◆ **DATA TO USE**:
definition algebraic_branching_system ::
  "'v set \<Rightarrow> 'e set \<Rightarrow> ('e \<Rightarrow> 'v) \<Rightarrow> ('e \<Rightarrow> 'v) \<Rightarrow> ('v \<Rightarrow> 'e set set) \<Rightarrow> 'e set set
   \<Rightarrow> 'x set \<Rightarrow> ('e \<Rightarrow> 'x set) \<Rightarrow> ('v \<Rightarrow> 'x set) \<Rightarrow> ('e \<Rightarrow> 'x \<Rightarrow> 'x) \<Rightarrow> bool" where
  "algebraic_branching_system V Ed r s C S Xs R D f \<longleftrightarrow>
     (\<forall>e\<in>Ed. R e \<subseteq> Xs) \<and> (\<forall>v\<in>V. D v \<subseteq> Xs) \<and>
     (\<forall>Y\<in>C_all V C. \<forall>d\<in>Y. \<forall>e\<in>Y. d \<noteq> e \<longrightarrow> R e \<inter> R d = {}) \<and>
     (\<forall>u\<in>V. \<forall>v\<in>V. u \<noteq> v \<longrightarrow> D u \<inter> D v = {}) \<and>
     (\<forall>e\<in>Ed. R e \<subseteq> D (s e)) \<and>
     (\<forall>v\<in>V. \<not> is_sink Ed s v \<longrightarrow> (\<forall>Y\<in>S \<inter> C v. D v = (\<Union>e\<in>Y. R e))) \<and>
     (\<forall>e\<in>Ed. bij_betw (f e) (D (r e)) (R e))"

end

theory Submission
  imports Defs
begin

◆ **TASK STATEMENT**:
Set down, word for word, each line from the top of the records above through the line with "set) \<Rightarrow> ('v".

◆ **EXPECTED OUTPUT**:
definition algebraic_branching_system ::
  "'v set \<Rightarrow> 'e set \<Rightarrow> ('e \<Rightarrow> 'v) \<Rightarrow> ('e \<Rightarrow> 'v) \<Rightarrow> ('v \<Rightarrow> 'e set set) \<Rightarrow> 'e set set
   \<Rightarrow> 'x set \<Rightarrow> ('e \<Rightarrow> 'x set) \<Rightarrow> ('v \<Rightarrow> 'x set) \<Rightarrow> ('e \<Rightarrow> 'x \<Rightarrow> 'x) \<Rightarrow> bool" where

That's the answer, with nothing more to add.